Kirt joined the late Hal Greenwood's big Midwest Federal Savings in 1979, but left within six months. He was wary of the emerging legal-and-regulatory problems that precluded a full-throttle investment in mortgage banking, for which he'd signed on. Those and other issues would lead to the failure of Midwest Federalin 1989.

Kirt took $5,000 from his severance check to buy Bell Mortgage, a 100-year-old company in decline. Kirt was essentially buying a well-known name and some typewriters.

Kirt grew Bell Mortgage into the largest privately owned mortgage company in the Midwest with nearly $2 billion in annual closings. Kirt last month received a lifetime achievement award from the Minnesota Mortgage Association for innovation, success and ethics.

"I bought it in 1980 and sold it in 2011," Kirt, now 69 and fully retired, recalled of Bell. "We had about 200 people. We were acquired by State Bank & Trust out of Fargo, North Dakota. They are really decent people. It was a home run."

Kirt ran a clean shop that avoided the sub-prime mortgage debacle. He led Bell Mortgage for another two years before becoming a consultant to the company. In 2013, State Bank renamed itself Bell Bank, a recognition of the strong Bell name in the fast-growing Twin Cities market.

"As they say in the Minnesota Boundary Waters, always leave your campsite better than you found it," Kirt said. "I hope I'm leaving the mortgage industry at least a bit better than I found it back in 1970."

Kirt, a millionaire, has served as an inner-city youth coach and mentor at the Boys & Girls Club, where he also was a board member for nearly 30 years.

"I'm probably the only board member who was ever a member of what was just the Boys Clubback then,'' Kirt recalled. "When I was a kid from the street, there were people at the Boys Club who helped me make the right choices. And I had other choices."

As a young man, Kirt played pickup basketball in the basement gym of Simpson United Methodist Church at E. 28th Street and First Avenue S. He volunteered when the church opened a homeless shelter in its basement 38 years ago. He served on the board of what became the nonprofit Simpson Housing Services for more than three decades and is now an emeritus board member with his wife.
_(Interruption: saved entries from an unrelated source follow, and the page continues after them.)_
lemma measure_nbhd_segment_le:
  fixes a b :: complex
  assumes "norm (b - a) \<le> 1" and "0 < e" and "e \<le> 1"
  shows "measure lborel (nbhd (closed_segment a b) e) \<le> 12 * pi * e"
proof -
  define N where "N = nat \<lceil>1 / e\<rceil>"
  define P where "P = (\<lambda>i. a + (real i / real N) *\<^sub>R (b - a)) ` {..N}"
  have N: "1 / e \<le> N" "N \<le> 1 / e + 1" using assms(2) by (simp_all add: N_def)
  then have "0 < N" using assms(2) by (metis of_nat_0_less_iff order_less_le_trans zero_less_divide_1_iff)
  have "norm (b - a) / N \<le> 1 / N" using assms(1) by (simp add: divide_right_mono)
  also have "\<dots> \<le> e" using N(1) \<open>0 < N\<close> assms(2) by (simp add: field_simps)
  finally have "norm (b - a) / N \<le> e" .
  have "\<exists>p\<in>P. dist x p \<le> e" if x: "x \<in> closed_segment a b" for x
  proof -
    obtain i where "i \<le> N" and "dist x (a + (real i / real N) *\<^sub>R (b - a)) \<le> norm (b - a) / N"
      using closed_segment_grid_approx[OF \<open>0 < N\<close> x] by blast
    with \<open>norm (b - a) / N \<le> e\<close> show ?thesis unfolding P_def by force
  qed
  then have "nbhd (closed_segment a b) e \<subseteq> nbhd P (2 * e)"
    using nbhd_subset_nbhd[of "closed_segment a b" P e e] by simp
  then have "measure lborel (nbhd (closed_segment a b) e) \<le> measure lborel (nbhd P (2 * e))"
    by (intro measure_mono_fmeasurable nbhd_fmeasurable) (auto simp: P_def borel_open open_nbhd)
  also have "\<dots> \<le> card P * (pi * (2 * e)\<^sup>2)"
    using assms(2) by (intro measure_nbhd_finite_le) (auto simp: P_def)
  also have "\<dots> \<le> (1 / e + 2) * (pi * (2 * e)\<^sup>2)"
  proof -
    have "card P \<le> N + 1" unfolding P_def using card_image_le[of "{..N}"] by simp
    with N have "real (card P) \<le> 1 / e + 2" by linarith
    then show ?thesis by (rule mult_right_mono) simp
  qed
  also have "\<dots> \<le> 12 * pi * e"
    using assms(2,3) by (simp add: field_simps power2_eq_square)
  finally show ?thesis .
qed

lemma bounded_curlicue_if_closed:
  assumes "periodic_mod1 u q" and "0 < q" and "zpt u q = 0"
  shows "bounded (curlicue u)"
  by (intro bounded_subset[OF _ curlicue_subset_period_segments[OF assms]] bounded_UN)
     (auto simp: bounded_closed_segment)

lemma measure_nbhd_curlicue_le:
  assumes "periodic_mod1 u q" and "0 < q" and "zpt u q = 0" and "0 < e" and "e \<le> 1"
  shows "measure lborel (nbhd (curlicue u) e) \<le> q * (12 * pi * e)"
proof -
  define S where "S j = closed_segment (zpt u j) (zpt u (Suc j))" for j
  have "bounded (\<Union>j<q. S j)" by (auto simp: S_def bounded_closed_segment)
  then have "measure lborel (nbhd (curlicue u) e) \<le> measure lborel (nbhd (\<Union>j<q. S j) e)"
    using curlicue_subset_period_segments[OF assms(1-3)]
    by (intro measure_mono_fmeasurable nbhd_fmeasurable nbhd_mono)
       (auto simp: S_def borel_open open_nbhd)
  also have "\<dots> \<le> (\<Sum>j<q. measure lborel (nbhd (S j) e))"
    unfolding nbhd_UN by (rule measure_UNION_le) (auto simp: borel_open open_nbhd)
  also have "\<dots> \<le> (\<Sum>j<q. 12 * pi * e)"
    unfolding S_def using assms(4,5) by (intro sum_mono measure_nbhd_segment_le) simp_all
  finally show ?thesis by simp
qed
"We're not winning yet at homelessness," Kirt said. "But we're using a nonjudgmental, supportive-housing approach. The Simpson people are really smart and we're working at it."

Kirt bought a building for $600,000 to help Simpson Housing Services expand. He now a is helping lead a $30 million private-public fundraising campaign to build a new 70-bed facility and 42 units of supportive housing on the church site.

Simpson Housing Services works with 1,000-plus individuals and families annually on housing and related barriers to self-sufficiency.

"Gary and his wife, Karen, are very invested in our mission and programs and they are generous," said Simpson Housing's Executive Director Steve Horsfield, who left a business career years ago. "He's always looking to network and bring partners to us to make them part of the Simpson community."

Kirt wants to help more folks do better.

"At some point, my life became more about gratitude than acquiring more money and more stuff," he said. "The concept of helping always came natural to me. And I like the concept of paying it forward."